Source information =
lemma vf_bracket_closed:
  assumes A: "smooth_atlas A" and X: "X \<in> vector_fields A" and Y: "Y \<in> vector_fields A"
  shows "vf_bracket X Y \<in> vector_fields A"
proof (rule vector_fieldsI)
  fix f g :: "'a \<Rightarrow> real" and c :: real
  show "f \<notin> Cinf A \<Longrightarrow> vf_bracket X Y f = (\<lambda>_. 0)"
    using vf_nonsmooth[OF X] vf_nonsmooth[OF Y] vf_const_zero[OF X] vf_const_zero[OF Y]
    by (simp add: vf_bracket_def)
  show "f \<in> Cinf A \<Longrightarrow> vf_bracket X Y f \<in> Cinf A"
    using Cinf_diff[OF A vf_smooth[OF X vf_smooth[OF Y]] vf_smooth[OF Y vf_smooth[OF X]]]
    by (simp add: vf_bracket_def)
  show "f \<in> Cinf A \<Longrightarrow> vf_bracket X Y (\<lambda>p. c * f p) = (\<lambda>p. c * vf_bracket X Y f p)"
    using vf_scale[OF X] vf_scale[OF Y] vf_smooth[OF X] vf_smooth[OF Y]
    by (simp add: vf_bracket_def right_diff_distrib)
next
  fix f g :: "'a \<Rightarrow> real"
  assume f: "f \<in> Cinf A" and g: "g \<in> Cinf A"
  have derivs: "X f \<in> Cinf A" "X g \<in> Cinf A" "Y f \<in> Cinf A" "Y g \<in> Cinf A"
    using vf_smooth[OF X] vf_smooth[OF Y] f g by auto
  show "vf_bracket X Y (\<lambda>p. f p + g p) = (\<lambda>p. vf_bracket X Y f p + vf_bracket X Y g p)"
    unfolding vf_bracket_def vf_additive[OF X f g] vf_additive[OF Y f g]
      vf_additive[OF X derivs(3,4)] vf_additive[OF Y derivs(1,2)] by (simp add: fun_eq_iff)
  text \<open>The second-order terms \<open>X f \<cdot> Y g\<close> cancel in the commutator.\<close>
  have "X (Y (\<lambda>p. f p * g p)) =
      (\<lambda>p. (f p * X (Y g) p + Y g p * X f p) + (g p * X (Y f) p + Y f p * X g p))"
    using vf_leibniz[OF Y f g]
      vf_additive[OF X Cinf_mult[OF A f derivs(4)] Cinf_mult[OF A g derivs(3)]]
      vf_leibniz[OF X f derivs(4)] vf_leibniz[OF X g derivs(3)] by simp
  moreover have "Y (X (\<lambda>p. f p * g p)) =
      (\<lambda>p. (f p * Y (X g) p + X g p * Y f p) + (g p * Y (X f) p + X f p * Y g p))"
    using vf_leibniz[OF X f g]
      vf_additive[OF Y Cinf_mult[OF A f derivs(2)] Cinf_mult[OF A g derivs(1)]]
      vf_leibniz[OF Y f derivs(2)] vf_leibniz[OF Y g derivs(1)] by simp
  ultimately show "vf_bracket X Y (\<lambda>p. f p * g p) =
      (\<lambda>p. f p * vf_bracket X Y g p + g p * vf_bracket X Y f p)"
    unfolding vf_bracket_def by (simp add: fun_eq_iff right_diff_distrib)
qed

lemma lie_mult_closed:
  assumes "smooth_atlas A"
    and "\<And>X Y. X \<in> vector_fields A \<Longrightarrow> Y \<in> vector_fields A \<Longrightarrow> mul X Y \<in> vector_fields A"
    and "Z \<in> vector_fields A" "X \<in> vector_fields A" "Y \<in> vector_fields A"
  shows "lie_mult mul Z X Y \<in> vector_fields A"
  unfolding lie_mult_def using assms by (simp add: vf_diff_closed vf_bracket_closed)

lemma vf_bracket_antisym: "vf_bracket X Y = vf_rscale (-1) (vf_bracket Y X)"
  by (simp add: vf_bracket_def vf_rscale_def)

lemma vf_bracket_self: "vf_bracket X X = vf_zero"
  by (simp add: vf_bracket_def vf_zero_def)

lemma vf_rscale_zero: "vf_rscale 0 X = vf_zero"
  by (simp add: vf_rscale_def vf_zero_def)

lemma vf_rscale_one: "vf_rscale 1 X = X"
  by (simp add: vf_rscale_def)

lemma vf_diff_eq_zero_iff: "vf_diff X Y = vf_zero \<longleftrightarrow> X = Y"
  by (auto simp: vf_diff_def vf_zero_def fun_eq_iff)

lemma vf_add_self_eq: "vf_add Q Q = Q \<Longrightarrow> Q = vf_zero"
  by (auto simp: vf_add_def vf_zero_def fun_eq_iff)

lemma vf_bracket_mul:
  "vf_bracket Z (mul X Y) =
     vf_add (vf_add (lie_mult mul Z X Y) (mul (vf_bracket Z X) Y)) (mul X (vf_bracket Z Y))"
  by (simp add: lie_mult_def vf_add_def vf_diff_def)

section \<open>F-manifolds\<close>

locale fmanifold =
  fixes A :: "('a::topological_space set \<times> ('a \<Rightarrow> real^'n)) set"
    and mul :: "'a vf \<Rightarrow> 'a vf \<Rightarrow> 'a vf"
    and e :: "'a vf"
  assumes F_manifold: "F_manifold A mul e"
begin

abbreviation V :: "'a vf set" where
  "V \<equiv> vector_fields A"

lemma atlas: "smooth_atlas A"
  and mul_closed: "X \<in> V \<Longrightarrow> Y \<in> V \<Longrightarrow> mul X Y \<in> V"
  and mul_comm: "X \<in> V \<Longrightarrow> Y \<in> V \<Longrightarrow> mul X Y = mul Y X"
  and mul_assoc: "X \<in> V \<Longrightarrow> Y \<in> V \<Longrightarrow> Z \<in> V \<Longrightarrow> mul (mul X Y) Z = mul X (mul Y Z)"
  and mul_add_left:
    "X \<in> V \<Longrightarrow> Y \<in> V \<Longrightarrow> Z \<in> V \<Longrightarrow> mul (vf_add X Y) Z = vf_add (mul X Z) (mul Y Z)"
  and mul_fscale_left:
    "g \<in> Cinf A \<Longrightarrow> X \<in> V \<Longrightarrow> Y \<in> V \<Longrightarrow> mul (vf_fscale g X) Y = vf_fscale g (mul X Y)"
  and unit_closed: "e \<in> V"
  and mul_unit_left: "X \<in> V \<Longrightarrow> mul e X = X"
  and lie_mult_leibniz: "X \<in> V \<Longrightarrow> Y \<in> V \<Longrightarrow> Z \<in> V \<Longrightarrow> W \<in> V \<Longrightarrow>
        lie_mult mul (mul X Y) Z W = vf_add (mul X (lie_mult mul Y Z W)) (mul Y (lie_mult mul X Z W))"
  using F_manifold unfolding F_manifold_def by blast+

lemma bracket_closed: "X \<in> V \<Longrightarrow> Y \<in> V \<Longrightarrow> vf_bracket X Y \<in> V"
  using vf_bracket_closed[OF atlas] .

lemma lie_closed: "Z \<in> V \<Longrightarrow> X \<in> V \<Longrightarrow> Y \<in> V \<Longrightarrow> lie_mult mul Z X Y \<in> V"
  using lie_mult_closed[OF atlas mul_closed] .

lemma mul_unit_right: "X \<in> V \<Longrightarrow> mul X e = X"
  using mul_comm[OF _ unit_closed] mul_unit_left by simp

lemma mul_left_commute: "X \<in> V \<Longrightarrow> Y \<in> V \<Longrightarrow> Z \<in> V \<Longrightarrow> mul X (mul Y Z) = mul Y (mul X Z)"
  by (metis mul_assoc mul_comm)
lemma network_tail_continuous:
  assumes "\<forall>w\<in>set ws. valid_mid w" "valid_out wI" "\<And>k. \<bar>y k\<bar> \<le> B" "0 < \<epsilon>"
  shows "\<exists>\<delta>>0. \<forall>y' vs vI. (\<forall>v\<in>set vs. valid_mid v) \<longrightarrow> valid_out vI \<longrightarrow>
           list_all2 (\<lambda>v w. tv_mid (\<lambda>m k. v m k - w m k) \<le> \<delta>) vs ws \<longrightarrow>
           tv_out (\<lambda>m. vI m - wI m) \<le> \<delta> \<longrightarrow> (\<forall>k. \<bar>y' k - y k\<bar> \<le> \<delta>) \<longrightarrow>
           dist (layer_out vI (fold layer_mid vs y')) (layer_out wI (fold layer_mid ws y)) < \<epsilon>"
  using assms(1,3)
proof (induction ws arbitrary: y B)
  case Nil
  have "0 \<le> 1 + B" using Nil(2)[of 0] by linarith
  then obtain \<delta> where "0 < \<delta>"
    and small: "\<And>d t. 0 \<le> d \<Longrightarrow> d \<le> \<delta> \<Longrightarrow> t \<le> \<delta> \<Longrightarrow> (1 + B + d) * t + d * tv_out wI < \<epsilon>"
    using perturbation_bound_small tv_out_nonneg[OF assms(2)] assms(4) by blast
  show ?case
  proof (intro exI[of _ \<delta>] conjI allI impI)
    fix y' vs vI
    assume vI: "valid_out vI" and "list_all2 (\<lambda>v w. tv_mid (\<lambda>m k. v m k - w m k) \<le> \<delta>) vs []"
      and out: "tv_out (\<lambda>m. vI m - wI m) \<le> \<delta>" and dy: "\<forall>k. \<bar>y' k - y k\<bar> \<le> \<delta>"
    then have "vs = []" by simp
    have "dist (layer_out vI y') (layer_out wI y) \<le> (1 + B + \<delta>) * tv_out (\<lambda>m. vI m - wI m) + \<delta> * tv_out wI"
      using vI assms(2) Nil(2) dy by (intro dist_layer_out_le) auto
    also have "\<dots> < \<epsilon>"
      using small \<open>0 < \<delta>\<close> out by simp
    finally show "dist (layer_out vI (fold layer_mid vs y')) (layer_out wI (fold layer_mid [] y)) < \<epsilon>"
      using \<open>vs = []\<close> by simp
  qed (fact \<open>0 < \<delta>\<close>)
next
  case (Cons w ws)
  have w: "valid_mid w" and ws: "\<forall>w\<in>set ws. valid_mid w"
    using Cons.prems(1) by auto
  obtain \<delta>1 where "0 < \<delta>1" and tail: "\<forall>y' vs vI. (\<forall>v\<in>set vs. valid_mid v) \<longrightarrow> valid_out vI \<longrightarrow>
           list_all2 (\<lambda>v w. tv_mid (\<lambda>m k. v m k - w m k) \<le> \<delta>1) vs ws \<longrightarrow>
           tv_out (\<lambda>m. vI m - wI m) \<le> \<delta>1 \<longrightarrow> (\<forall>k. \<bar>y' k - layer_mid w y k\<bar> \<le> \<delta>1) \<longrightarrow>
           dist (layer_out vI (fold layer_mid vs y')) (layer_out wI (fold layer_mid ws (layer_mid w y))) < \<epsilon>"
  proof -
    have "\<bar>layer_mid w y k\<bar> \<le> (1 + B) * tv_mid w" for k
      by (rule abs_layer_mid_le[OF w Cons.prems(2)])
    then show ?thesis using Cons.IH[OF ws] that by blast
  qed
  have "0 \<le> 1 + B" using Cons.prems(2)[of 0] by linarith
  then obtain \<delta>2 where "0 < \<delta>2"
    and small: "\<And>d t. 0 \<le> d \<Longrightarrow> d \<le> \<delta>2 \<Longrightarrow> t \<le> \<delta>2 \<Longrightarrow> (1 + B + d) * t + d * tv_mid w < \<delta>1"
    using perturbation_bound_small tv_mid_nonneg[OF w] \<open>0 < \<delta>1\<close> by blast
  define \<delta> where "\<delta> = min \<delta>1 \<delta>2"
  show ?case
  proof (intro exI[of _ \<delta>] conjI allI impI)
    show "0 < \<delta>" using \<open>0 < \<delta>1\<close> \<open>0 < \<delta>2\<close> by (simp add: \<delta>_def)
    fix y' vs vI
    assume vs: "\<forall>v\<in>set vs. valid_mid v" and vI: "valid_out vI"
      and close: "list_all2 (\<lambda>v w. tv_mid (\<lambda>m k. v m k - w m k) \<le> \<delta>) vs (w # ws)"
      and out: "tv_out (\<lambda>m. vI m - wI m) \<le> \<delta>" and dy: "\<forall>k. \<bar>y' k - y k\<bar> \<le> \<delta>"
    obtain v vs' where vs_eq: "vs = v # vs'" and head: "tv_mid (\<lambda>m k. v m k - w m k) \<le> \<delta>"
      and rest: "list_all2 (\<lambda>v w. tv_mid (\<lambda>m k. v m k - w m k) \<le> \<delta>) vs' ws"
      using close by (cases vs) auto
    have v: "valid_mid v" using vs vs_eq by simp
    have hidden: "\<bar>layer_mid v y' k - layer_mid w y k\<bar> \<le> \<delta>1" for k
    proof -
      have "\<bar>layer_mid v y' k - layer_mid w y k\<bar>
              \<le> (1 + B + \<delta>) * tv_mid (\<lambda>m k. v m k - w m k) + \<delta> * tv_mid w"
        using v w Cons.prems(2) dy by (intro abs_layer_mid_diff_le) auto
      also have "\<dots> < \<delta>1"
        using small \<open>0 < \<delta>\<close> head by (simp add: \<delta>_def)
      finally show ?thesis by simp
    qed
    have "list_all2 (\<lambda>v w. tv_mid (\<lambda>m k. v m k - w m k) \<le> \<delta>1) vs' ws"
      using rest by (rule list_all2_mono) (simp add: \<delta>_def)
    then show "dist (layer_out vI (fold layer_mid vs y')) (layer_out wI (fold layer_mid (w # ws) y)) < \<epsilon>"
      using tail vs vI out hidden by (simp add: vs_eq \<delta>_def)
  qed
qed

Problem description =
Above are some records; copy exactly the lines from the one with "by (simp add: vf_rscale_def vf_zero_def)" through the one with "V \<Longrightarrow> mul X Y \<in>", both included, and no others.

Response box =
  by (simp add: vf_rscale_def vf_zero_def)

lemma vf_rscale_one: "vf_rscale 1 X = X"
  by (simp add: vf_rscale_def)

lemma vf_diff_eq_zero_iff: "vf_diff X Y = vf_zero \<longleftrightarrow> X = Y"
  by (auto simp: vf_diff_def vf_zero_def fun_eq_iff)

lemma vf_add_self_eq: "vf_add Q Q = Q \<Longrightarrow> Q = vf_zero"
  by (auto simp: vf_add_def vf_zero_def fun_eq_iff)

lemma vf_bracket_mul:
  "vf_bracket Z (mul X Y) =
     vf_add (vf_add (lie_mult mul Z X Y) (mul (vf_bracket Z X) Y)) (mul X (vf_bracket Z Y))"
  by (simp add: lie_mult_def vf_add_def vf_diff_def)

section \<open>F-manifolds\<close>

locale fmanifold =
  fixes A :: "('a::topological_space set \<times> ('a \<Rightarrow> real^'n)) set"
    and mul :: "'a vf \<Rightarrow> 'a vf \<Rightarrow> 'a vf"
    and e :: "'a vf"
  assumes F_manifold: "F_manifold A mul e"
begin

abbreviation V :: "'a vf set" where
  "V \<equiv> vector_fields A"

lemma atlas: "smooth_atlas A"
  and mul_closed: "X \<in> V \<Longrightarrow> Y \<in> V \<Longrightarrow> mul X Y \<in> V"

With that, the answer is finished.